Karena tak hanya masyarakat Chapeco dan orang-orang Brasil saja yang ingin klub ini survive. Seluruh pencinta sepak bola di penjuru bumi juga menginginkan hal yang sama.
Dahulu, Torino dan Manchester United menggunakan banyak pemain reserve dan junior untuk bertahan hidup. Meski tertatih-tatih, sejarah menunjukkan bila keduanya sanggup melewati badai yang menerpa walau butuh proses dan memakan waktu yang cukup lama.
Eksistensi Torino setelah peristiwa mengenaskan itu dibuktikan dengan gelar Scudetto ketujuh pada musim 1975/1976 serta tiga trofi Piala Italia pada 1967/1968, 1970/1971, dan 1992/1993.
Sementara The Red Devilsbangkit dengan memenangi sepasang gelar Liga Primer Inggris medio 1960-an dan satu titel Piala Champions di musim 1967/1968.
Sampai kemudian berkembang menjadi klub tersukses di tanah Inggris bahkan Eropa berkat puluhan trofi yang didapat sejak Sir Alex Ferguson duduk sebagai pelatih di penghujung 1980-an hingga periode 2010-an awal.
Musibah yang diderita Chapecoense memang begitu menyayat hati.Namun mereka tak boleh menyerah pada nasib begitu saja.
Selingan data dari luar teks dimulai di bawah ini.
lemma card_lang_len_mono:
  assumes ext: "\<And>u. u \<in> subst_lang th \<Longrightarrow> \<exists>c. u @ [c] \<in> subst_lang th" and "m \<le> m'"
  shows "card (lang_len th m :: 'a::finite list set) \<le> card (lang_len th m')"
proof -
  have "lang_len th m \<subseteq> take m ` lang_len th m'"
    using \<open>m \<le> m'\<close>
  proof (induction m' rule: dec_induct)
    case base
    show ?case unfolding lang_len_def by (auto intro: image_eqI[of _ _ _ ] simp: image_iff)
  next
    case (step k)
    show ?case
    proof
      fix u assume "u \<in> lang_len th m"
      then obtain v where v: "v \<in> lang_len th k" "u = take m v" using step.IH by blast
      then obtain c where "v @ [c] \<in> subst_lang th" using ext unfolding lang_len_def by blast
      then have "v @ [c] \<in> lang_len th (Suc k)" using v(1) unfolding lang_len_def by simp
      moreover have "u = take m (v @ [c])" using v step.hyps unfolding lang_len_def by simp
      ultimately show "u \<in> take m ` lang_len th (Suc k)" by blast
    qed
  qed
  then have "card (lang_len th m) \<le> card (take m ` lang_len th m')"
    by (intro card_mono finite_imageI finite_lang_len)
  also have "\<dots> \<le> card (lang_len th m')"
    by (intro card_image_le finite_lang_len)
  finally show ?thesis .
qed

lemma card_lang_lengths_le:
  assumes ext: "\<And>u. u \<in> subst_lang th \<Longrightarrow> \<exists>c. u @ [c] \<in> subst_lang th"
    and le: "\<And>m. m \<in> S \<Longrightarrow> m \<le> m'" and W: "W \<subseteq> {u \<in> subst_lang th. length u \<in> S}"
  shows "finite W" "card W \<le> card S * card (lang_len th m' :: 'a::finite list set)"
proof -
  have "S \<subseteq> {..m'}" using le by blast
  then have "finite S" by (rule finite_subset) simp
  have W_sub: "W \<subseteq> (\<Union>m\<in>S. lang_len th m)"
    using W unfolding lang_len_def by auto
  then show "finite W"
    by (rule finite_subset[OF _ finite_UN_I[OF \<open>finite S\<close> finite_lang_len]])
  have "card W \<le> card (\<Union>m\<in>S. lang_len th m)"
    by (rule card_mono[OF finite_UN_I[OF \<open>finite S\<close> finite_lang_len] W_sub])
  also have "\<dots> \<le> (\<Sum>m\<in>S. card (lang_len th m))"
    by (rule card_UN_le[OF \<open>finite S\<close>])
  also have "\<dots> \<le> (\<Sum>m\<in>S. card (lang_len th m'))"
    by (intro sum_mono card_lang_len_mono[OF ext le])
  finally show "card W \<le> card S * card (lang_len th m')" by simp
qed

context semi_compatible_subst
begin

lemma lang_len_empty_if_K_eq_1:
  assumes "K = 1" and "2 \<le> N"
  shows "lang_len th N = {}"
proof -
  have "length u \<le> 1" if u: "u \<in> subst_lang th" for u
  proof -
    obtain a m w s t where "w \<in> subst_pow th m a" "w = s @ u @ t"
      using u unfolding subst_lang_def by blast
    then show ?thesis using length_subst_pow_le[of w m a] \<open>K = 1\<close> by simp
  qed
  then show ?thesis using \<open>2 \<le> N\<close> unfolding lang_len_def by fastforce
qed

end

context primitive_subst
begin

lemma long_words_freq_within:
  assumes "0 < \<eta>"
  obtains m0 where "\<And>u. u \<in> subst_lang th \<Longrightarrow> m0 \<le> length u \<Longrightarrow> freq_within R \<eta> u"
proof -
  obtain k where k: "\<And>a w. w \<in> subst_pow th k a \<Longrightarrow> freq_within R (\<eta> / 2) w"
    using blocks_freq_within[of "\<eta> / 2"] assms by auto
  define B where "B = K ^ k"
  show thesis
  proof (rule that[of "Suc B + nat \<lceil>4 * real B / \<eta>\<rceil>"])
    fix u assume u: "u \<in> subst_lang th" and long: "Suc B + nat \<lceil>4 * real B / \<eta>\<rceil> \<le> length u"
    then obtain a m w s t where w: "w \<in> subst_pow th m a" "w = s @ u @ t"
      unfolding subst_lang_def by blast
    have "k \<le> m"
    proof (rule ccontr)
      assume "\<not> k \<le> m"
      then have "K ^ m \<le> B" unfolding B_def using K_pos by (intro power_increasing) auto
      moreover have "length u \<le> K ^ m" using length_subst_pow_le[OF w(1)] w(2) by simp
      ultimately show False using long by simp
    qed
    then obtain w' vs where vs: "list_all2 (\<lambda>v c. v \<in> subst_pow th k c) vs w'" "w = concat vs"
      using w(1) mem_subst_pow_add_iff[of w th "m - k" k a] by auto
    have blocks: "\<exists>c. x \<in> subst_pow th k c" if "x \<in> set vs" for x
      using vs(1) that by (auto simp: list_all2_conv_all_nth in_set_conv_nth)
    then have "\<forall>x\<in>set vs. length x \<le> B"
      unfolding B_def using length_subst_pow_le by blast
    then obtain s' vs' p where u_eq: "u = s' @ concat vs' @ p" "set vs' \<subseteq> set vs"
      and "length s' \<le> B" "length p \<le> B"
      using factor_of_concat_blocks[of s u t vs B] w(2) vs(2) by auto
    have "freq_within R (\<eta> / 2) (concat vs')"
      using u_eq(2) blocks k by (intro freq_within_concat) blast
    moreover have "4 * real B \<le> \<eta> * real (length u)"
    proof -
      have "4 * real B / \<eta> \<le> real (length u)"
        using real_nat_ceiling_ge[of "4 * real B / \<eta>"] long by linarith
      then show ?thesis using \<open>0 < \<eta>\<close> by (simp add: pos_divide_le_eq mult.commute)
    qed
    ultimately have "freq_within R (2 * (\<eta> / 2)) u"
      unfolding u_eq(1) using \<open>length s' \<le> B\<close> \<open>length p \<le> B\<close> \<open>0 < \<eta>\<close>
      by (intro freq_within_pad) (auto simp flip: u_eq(1))
    then show "freq_within R \<eta> u" by simp
  qed
qed

lemma letters_occur:
  obtains k where "\<And>a c w. w \<in> subst_pow th k c \<Longrightarrow> a \<in> set w"
proof -
  obtain k where pos: "\<And>i j. 0 < mat_pow M k i j"
    using primitive unfolding primitive_mat_def by blast
  have "a \<in> set w" if "w \<in> subst_pow th k c" for a c w
    using count_list_subst_pow[OF that, of a] pos[of a c] count_notin by fastforce
  then show thesis using that by blast
qed

lemma letter_not_last:
  assumes "2 \<le> K"
  obtains n b x d z where "x @ a # d # z \<in> subst_pow th n b"
proof -
  obtain k where occ: "\<And>a c w. w \<in> subst_pow th k c \<Longrightarrow> a \<in> set w"
    using letters_occur by blast
  have "K \<in> range ell" by (rule Max_in) auto
  then obtain b where "ell b = K" by (metis rangeE)
  obtain w0 where "w0 \<in> th b"
    using subst_nonempty by blast
  with \<open>ell b = K\<close> assms have "2 \<le> length w0"
    by (simp add: length_subst_letter)
  then obtain c0 c1 r where w0_eq: "w0 = c0 # c1 # r"
    by (cases w0; cases "tl w0") auto
  obtain x y where xy: "level_word k c0 = x @ a # y"
    using occ[OF level_word_mem] by (meson split_list)
  obtain d z where dz: "y @ concat (map (level_word k) (c1 # r)) = d # z"
    using subst_pow_not_Nil[OF level_word_mem[of k c1]]
    by (cases "y @ concat (map (level_word k) (c1 # r))") auto
  have "w0 \<in> subst_pow th 1 b"
    using \<open>w0 \<in> th b\<close> by (simp add: subst_set_def)
  then have "concat (map (level_word k) w0) \<in> subst_pow th (1 + k) b"
    using list_all2_level_word unfolding mem_subst_pow_add_iff by blast
  moreover have "concat (map (level_word k) w0) = x @ a # d # z"
    using xy dz w0_eq by simp
  ultimately have "x @ a # d # z \<in> subst_pow th (1 + k) b"
    by (simp only:)
  then show thesis by (rule that)
qed

lemma subst_lang_extendable:
  assumes "2 \<le> K" and "u \<in> subst_lang th"
  shows "\<exists>c. u @ [c] \<in> subst_lang th"
proof -
  obtain a m w s t where w: "w \<in> subst_pow th m a" "w = s @ u @ t" "u \<noteq> []"
    using assms(2) unfolding subst_lang_def by blast
  show ?thesis
  proof (cases t)
    case (Cons e t')
    then have "w = s @ (u @ [e]) @ t'" using w(2) by simp
    from mem_subst_langI[OF w(1) this] show ?thesis by auto
  next
    case Nil
    (* Substitute w for an occurrence of a that is followed by some letter d. *)
    obtain n b x d z where xz: "x @ a # d # z \<in> subst_pow th n b"
      by (rule letter_not_last[OF assms(1)])
    obtain e t' where et: "level_word m d = e # t'"
      using subst_pow_not_Nil[OF level_word_mem] by (cases "level_word m d") auto
    define vs where "vs = map (level_word m) x @ [w] @ map (level_word m) (d # z)"
    have "list_all2 (\<lambda>v c. v \<in> subst_pow th m c) vs (x @ [a] @ d # z)"
      unfolding vs_def using w(1) by (intro list_all2_appendI list_all2_level_word) simp
    then have vs_mem: "concat vs \<in> subst_pow th (n + m) b"
      using xz unfolding mem_subst_pow_add_iff by auto
    have "concat vs = (concat (map (level_word m) x) @ s) @ (u @ [e]) @ (t' @ concat (map (level_word m) z))"
      unfolding vs_def using w(2) Nil et by simp
    from mem_subst_langI[OF vs_mem this] show ?thesis by auto
  qed
qed

end

section \<open>Counting inflated words\<close>

lemma card_nat_interval_le:
  fixes a b :: real
  assumes "0 \<le> a" "a \<le> b"
  shows "real (card {m::nat. a \<le> real m \<and> real m \<le> b}) \<le> b - a + 1"
proof -
  have "{m::nat. a \<le> real m \<and> real m \<le> b} \<subseteq> {nat \<lceil>a\<rceil>..nat \<lfloor>b\<rfloor>}"
    by (auto simp: nat_le_iff le_nat_iff ceiling_le_iff le_floor_iff)
  then have "card {m::nat. a \<le> real m \<and> real m \<le> b} \<le> Suc (nat \<lfloor>b\<rfloor>) - nat \<lceil>a\<rceil>"
    using card_mono[of "{nat \<lceil>a\<rceil>..nat \<lfloor>b\<rfloor>}"] by fastforce
  moreover have "real (Suc (nat \<lfloor>b\<rfloor>) - nat \<lceil>a\<rceil>) \<le> b - a + 1"
  proof (cases "nat \<lceil>a\<rceil> \<le> Suc (nat \<lfloor>b\<rfloor>)")
    case True
    have "real (nat \<lfloor>b\<rfloor>) \<le> b" using assms by simp
    with True real_nat_ceiling_ge[of a] show ?thesis by (simp add: of_nat_diff)
  next
    case False
    then have "Suc (nat \<lfloor>b\<rfloor>) - nat \<lceil>a\<rceil> = 0" by arith
    with assms show ?thesis by simp
  qed
  ultimately show ?thesis by linarith
qed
Furacao do Oeste mesti bangkit dan kembali mengejar impian-impian besar seperti yang mereka lakukan dalam enam tahun terakhir.
Karena hanya dengan bangkit dari keterpurukan, penggawa Chapecoense yang kini telah berada di surga dapat tersenyum kembali.Begitu juga dengan warga Chapeco yang begitu mencintai kesebelasan yang berasal dari kotanya.
Sehingga kelak, waktu akan bercerita kepada generasi berikutnya bahwa Chapecoense adalah tim yang hebat. Tim yang selalu bertarung dalam kondisi sesulit apapun, demi kebanggaan serta keceriaan dan demi impian yang selalu dicita-citakan.